Imagen 7. Evolución pH a condiciones de temperatura de almacenamiento sin luz. Valores promedio ± SD.
Imagen 8. Evolución pH a condiciones de presencia/ausencia de luz en el almacenamiento a temperatura ambiente. Valores
promedio ± SD.
2. Espectro infrarrojo cercano
En las imágenes siguientes se presentan los espectros obtenidos con el equipo NIR. Las imágenes 9 y 10
corresponden a las emulsiones estériles, en las cuales se evidencia un aumento en la absorbancia en las zonas 1
y 2 para ambas temperaturas; además se presenta una significativa diferencia entre la preparación y la
medición en el tiempo inmediato y el día final. Lo anterior puede atribuirse a un aumento en el tamaño de los
liposomas, lo cual genera aumento en la absorbancia del espectro [8] y como se mencionó previamente estaría
asociada al cambio en las propiedades de algunos componentes debido a la temperatura. Este comportamiento
se presenta para todos los niveles estudiados en condiciones de almacenamiento como se observa en las
imágenes 11 a 14. Sin embargo, las condiciones de temperatura de almacenamiento presentan variaciones
adicionales en la zona 3.
A 37ºC en los días 25 y 32 todas las zonas presentan un aumento en la absorbancia y un cambio en el patrón,
que coinciden con los cambios físicos presentados para este nivel mencionados previamente.

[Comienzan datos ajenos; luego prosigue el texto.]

lemma fano_ratio_le_half:
  fixes \<sigma> s M\<^sub>0 M :: real
  assumes "0 < \<sigma>" "0 \<le> s" "0 \<le> M\<^sub>0" "M\<^sub>0 \<le> M" "s \<le> (ln M\<^sub>0 - 2 * ln 2) * \<sigma>\<^sup>2 / 2"
  shows "1 < M" and "(ln 2 + s / (2 * \<sigma>\<^sup>2)) / ln M \<le> 1 / 2"
proof -
  have "0 \<le> (ln M\<^sub>0 - 2 * ln 2) * \<sigma>\<^sup>2 / 2"
    using assms(2,5) by linarith
  then have "2 * ln 2 \<le> ln M\<^sub>0"
    using assms(1) by (simp add: zero_le_mult_iff)
  moreover have "0 < ln (2 :: real)"
    by simp
  ultimately have "0 < M\<^sub>0"
    using assms(3) by (cases "M\<^sub>0 = 0") simp_all
  then have "ln M\<^sub>0 \<le> ln M" "0 < M"
    using assms(4) by simp_all
  with \<open>2 * ln 2 \<le> ln M\<^sub>0\<close> \<open>0 < ln 2\<close> show "1 < M"
    using ln_gt_zero_iff[of M] by linarith
  define x where "x = s / \<sigma>\<^sup>2"
  have "x \<le> (ln M\<^sub>0 - 2 * ln 2) / 2"
    using assms(1,5) by (simp add: x_def field_simps)
  moreover have "s / (2 * \<sigma>\<^sup>2) = x / 2"
    by (simp add: x_def)
  moreover have "0 < ln M"
    using \<open>ln M\<^sub>0 \<le> ln M\<close> \<open>2 * ln 2 \<le> ln M\<^sub>0\<close> \<open>0 < ln 2\<close> by linarith
  ultimately show "(ln 2 + s / (2 * \<sigma>\<^sup>2)) / ln M \<le> 1 / 2"
    using \<open>ln M\<^sub>0 \<le> ln M\<close> \<open>2 * ln 2 \<le> ln M\<^sub>0\<close> by (simp add: divide_le_eq)
qed

theorem theorem2:
  fixes p q k n :: nat and \<sigma> :: real and Y :: "real set" and t :: "real \<Rightarrow> real"
    and R :: "'r measure"
    and est :: "(nat \<Rightarrow> (nat \<Rightarrow> real) \<times> real) \<Rightarrow> 'r \<Rightarrow> ((nat \<Rightarrow> real) \<Rightarrow> real)"
  assumes "0 < p" "0 < q" "0 < k" "k + 1 \<le> p"
    and "0 < \<sigma>"
    and "t \<in> borel_measurable borel" "range t \<subseteq> Y"
    and "prob_space R"
    and "(\<lambda>(s, r). est s r) \<in> measurable (data_space p n \<Otimes>\<^sub>M R) (count_space (Gcls p q k))"
    and "real n \<le> (ln (real q ^ (k + 1) * real (p choose (k + 1))) - 2 * ln 2) * \<sigma>\<^sup>2 / 2"
  shows "measure (sample_space p q k n \<sigma> R)
           {(g, xs, es, r) \<in> space (sample_space p q k n \<sigma> R). est (observed n t g xs es) r \<noteq> g}
         \<ge> 1 / 2"
proof -
  interpret regression_experiment p q k n \<sigma> t R est
    using assms(5,6,8,9) by (rule regression_experiment.intro)
  have "real q ^ (k + 1) * real (p choose (k + 1)) \<le> real (card (Gcls p q k))"
    using card_Gcls_ge[of q k p] by (simp flip: of_nat_mult of_nat_power)
  from fano_ratio_le_half[OF assms(5) _ _ this assms(10)]
  have "1 < card (Gcls p q k)" "(ln 2 + n / (2 * \<sigma>\<^sup>2)) / ln (card (Gcls p q k)) \<le> 1 / 2"
    by simp_all
  with measure_sample_space_error_ge[OF this(1)] show ?thesis
    by linarith
qed

end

Otros autores que realizaron caracterizaciones para las condiciones de almacenamiento de PFCOCs
identificaron aumentos en el tamaño, y ausencia de aceite a 37ºC luego de 100 días, por lo cual podría
atribuirse este cambio a la ausencia de fase dispersa [23]. La posible relación del tamaño y los espectros se
determinará en el numeral siguiente.
18
Imagen 9. Espectro en el tiempo estéril nivel bajo.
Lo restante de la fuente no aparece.